Please print the entries below exactly, from the line with "dderiv (1, 0)" through the line with "(real \<Rightarrow> real^'n)", including both of those lines and leaving out all others.
=-=-=-=-=
definition pd :: "'n::finite \<Rightarrow> (real^'n \<Rightarrow> real) \<Rightarrow> real^'n \<Rightarrow> real" where
  "pd k f x = dderiv (axis k 1) f x"

text \<open>Lorentzian signature (-,+,...,+): symmetric, with a timelike vector whose
  g-orthogonal complement is positive definite.\<close>
definition lorentzian_matrix :: "real^'n^'n \<Rightarrow> bool" where
  "lorentzian_matrix A \<longleftrightarrow> A = transpose A \<and>
     (\<exists>t. t \<bullet> (A *v t) < 0 \<and> (\<forall>w. w \<noteq> 0 \<and> (A *v t) \<bullet> w = 0 \<longrightarrow> w \<bullet> (A *v w) > 0))"

definition christoffel :: "(real^'n \<Rightarrow> real^'n^'n) \<Rightarrow> 'n::finite \<Rightarrow> 'n \<Rightarrow> 'n \<Rightarrow> real^'n \<Rightarrow> real" where
  "christoffel g a b c x = (1/2) * (\<Sum>d\<in>UNIV. matrix_inv (g x) $ a $ d *
      (pd b (\<lambda>y. g y $ d $ c) x + pd c (\<lambda>y. g y $ d $ b) x - pd d (\<lambda>y. g y $ b $ c) x))"

definition cov_div_vec :: "(real^'n \<Rightarrow> real^'n^'n) \<Rightarrow> (real^'n \<Rightarrow> real^'n) \<Rightarrow> real^'n \<Rightarrow> real" where
  "cov_div_vec g V x = (\<Sum>a\<in>UNIV. pd a (\<lambda>y. V y $ a) x)
      + (\<Sum>a\<in>UNIV. \<Sum>b\<in>UNIV. christoffel g a a b x * V x $ b)"

definition cov_div_tensor :: "(real^'n \<Rightarrow> real^'n^'n) \<Rightarrow> (real^'n \<Rightarrow> real^'n^'n) \<Rightarrow> 'n::finite \<Rightarrow> real^'n \<Rightarrow> real" where
  "cov_div_tensor g S b x = (\<Sum>a\<in>UNIV. pd a (\<lambda>y. S y $ a $ b) x)
      + (\<Sum>a\<in>UNIV. \<Sum>c\<in>UNIV. christoffel g a a c x * S x $ c $ b)
      + (\<Sum>a\<in>UNIV. \<Sum>c\<in>UNIV. christoffel g b a c x * S x $ a $ c)"

text \<open>Squared speed of sound (d ln h / d ln n)_s for an equation of state h = H(n,s).\<close>
definition sound_speed_sq :: "(real \<times> real \<Rightarrow> real) \<Rightarrow> real \<Rightarrow> real \<Rightarrow> real" where
  "sound_speed_sq H m s = m * dderiv (1, 0) H (m, s) / H (m, s)"

definition fluid_F :: "(real \<times> real \<Rightarrow> real) \<Rightarrow> real \<Rightarrow> real \<Rightarrow> (real^'n \<Rightarrow> real^'n^'n) \<Rightarrow> 'n
     \<Rightarrow> (real \<Rightarrow> real^'n) \<Rightarrow> real \<times> real \<Rightarrow> real" where
  "fluid_F H s0 mu0 g tau \<gamma> = (\<lambda>(\<sigma>, m). (H (m, s0))^2 * \<bar>g (\<gamma> \<sigma>) $ tau $ tau\<bar>
      * (1 + (mu0 / (sqrt \<bar>det (g (\<gamma> \<sigma>))\<bar> * m))^2))"

end

theory Submission
  imports Defs
begin

text \<open>
  Along the world line the entropy \<open>s\<close>, the Bernoulli quantity \<open>h u\<^sub>\<tau>\<close> and the mass flux
  \<open>\<mu> = sqrt |g| n u\<^sup>\<lambda>\<close> are conserved: they follow from the covariant Euler equation lowered with
  \<open>g\<close> (using the Killing symmetry in \<open>\<tau>\<close>), the first law and the continuity equation.  With the
  normalization of \<open>u\<close> this makes \<open>F\<close> constant along the curve \<open>c\<close>, equal to \<open>(h u\<^sub>\<tau>)\<^sup>2\<close>.
  Moreover \<open>F (\<sigma>, n) = k\<^sub>1 n * a \<sigma> + k\<^sub>2 n * e \<sigma>\<close> is separable, and at a sonic point
  \<open>v\<^sup>2 = v\<^sub>s\<^sup>2 = n \<partial>\<^sub>n h / h\<close> is exactly the condition \<open>\<partial>\<^sub>n F = 0\<close>.  Differentiating
  \<open>\<sigma> \<mapsto> F (c \<sigma>)\<close> once gives \<open>\<partial>\<^sub>\<sigma>F = 0\<close>; differentiating twice gives
  \<open>F\<^sub>\<sigma>\<^sub>\<sigma> + 2 F\<^sub>\<sigma>\<^sub>n n' + F\<^sub>n\<^sub>n n'\<^sup>2 = 0\<close>, hence
  \<open>Hess = - (F\<^sub>n\<^sub>n n' + F\<^sub>\<sigma>\<^sub>n)\<^sup>2 \<le> 0\<close>.
\<close>

section \<open>Coordinate partial derivatives\<close>

lemma dderiv_eqI: "(f has_derivative f') (at x) \<Longrightarrow> dderiv v f x = f' v"
  unfolding dderiv_def using frechet_derivative_at by metis

lemma pd_eqI: "(f has_derivative f') (at x) \<Longrightarrow> pd k f x = f' (axis k 1)"
  unfolding pd_def by (rule dderiv_eqI)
=-=-=-=-=
§ Solution for this problem
  "sound_speed_sq H m s = m * dderiv (1, 0) H (m, s) / H (m, s)"

definition fluid_F :: "(real \<times> real \<Rightarrow> real) \<Rightarrow> real \<Rightarrow> real \<Rightarrow> (real^'n \<Rightarrow> real^'n^'n) \<Rightarrow> 'n
     \<Rightarrow> (real \<Rightarrow> real^'n) \<Rightarrow> real \<times> real \<Rightarrow> real" where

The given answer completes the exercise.